Data items:
lemma abs_has_real_derivative:
  assumes "(x::real) \<noteq> 0"
  shows "(abs has_real_derivative sgn x) (at x)"
proof (cases "x > 0")
  case True
  have "((\<lambda>y. y) has_real_derivative 1) (at x)" by (rule DERIV_ident)
  then have "(abs has_real_derivative 1) (at x)"
    by (rule has_field_derivative_transform_within_open[where S="{0<..}"]) (use True in auto)
  then show ?thesis using True by simp
next
  case False
  with assms have "x < 0" by simp
  have "((\<lambda>y. - y) has_real_derivative -1) (at x)" by (rule derivative_eq_intros refl)+
  then have "(abs has_real_derivative -1) (at x)"
    by (rule has_field_derivative_transform_within_open[where S="{..<0}"]) (use \<open>x < 0\<close> in auto)
  then show ?thesis using \<open>x < 0\<close> by simp
qed

definition K1 :: "real \<Rightarrow> real \<Rightarrow> real" where
  "K1 a z = exp (- \<bar>z\<bar> / a) / (2 * a)"

definition K2_deriv :: "real \<Rightarrow> real \<Rightarrow> real" where
  "K2_deriv a z = - z * exp (- \<bar>z\<bar> / a) / (4 * a ^ 3)"

lemma continuous_on_K1: "a > 0 \<Longrightarrow> continuous_on UNIV (K1 a)"
  unfolding K1_def by (intro continuous_intros) auto

lemma continuous_on_K2: "a > 0 \<Longrightarrow> continuous_on UNIV (K2 a)"
  unfolding K2_def by (intro continuous_intros) auto

lemma continuous_on_K2_deriv: "a > 0 \<Longrightarrow> continuous_on UNIV (K2_deriv a)"
  unfolding K2_deriv_def by (intro continuous_intros) auto

lemma K2_has_real_derivative:
  assumes a: "a > 0"
  shows "(K2 a has_real_derivative K2_deriv a z) (at z)"
proof (rule has_real_derivative_if_continuous_off_finite[of "{0}"])
  fix x :: real assume "x \<notin> {0}"
  then have "(abs has_real_derivative sgn x) (at x)" by (intro abs_has_real_derivative) simp
  moreover have "sgn x * \<bar>x\<bar> = x" by (simp add: sgn_mult_abs)
  ultimately show "(K2 a has_real_derivative K2_deriv a x) (at x)"
    unfolding K2_def[abs_def] K2_deriv_def using a
    by (auto intro!: derivative_eq_intros simp: field_simps power2_eq_square eval_nat_numeral)
qed (use a continuous_on_K2 continuous_on_K2_deriv in auto)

### What you are asked to do:
Please report every line in the entries above that holds the string "True".

### Answer to this problem:
  case True
    by (rule has_field_derivative_transform_within_open[where S="{0<..}"]) (use True in auto)
  then show ?thesis using True by simp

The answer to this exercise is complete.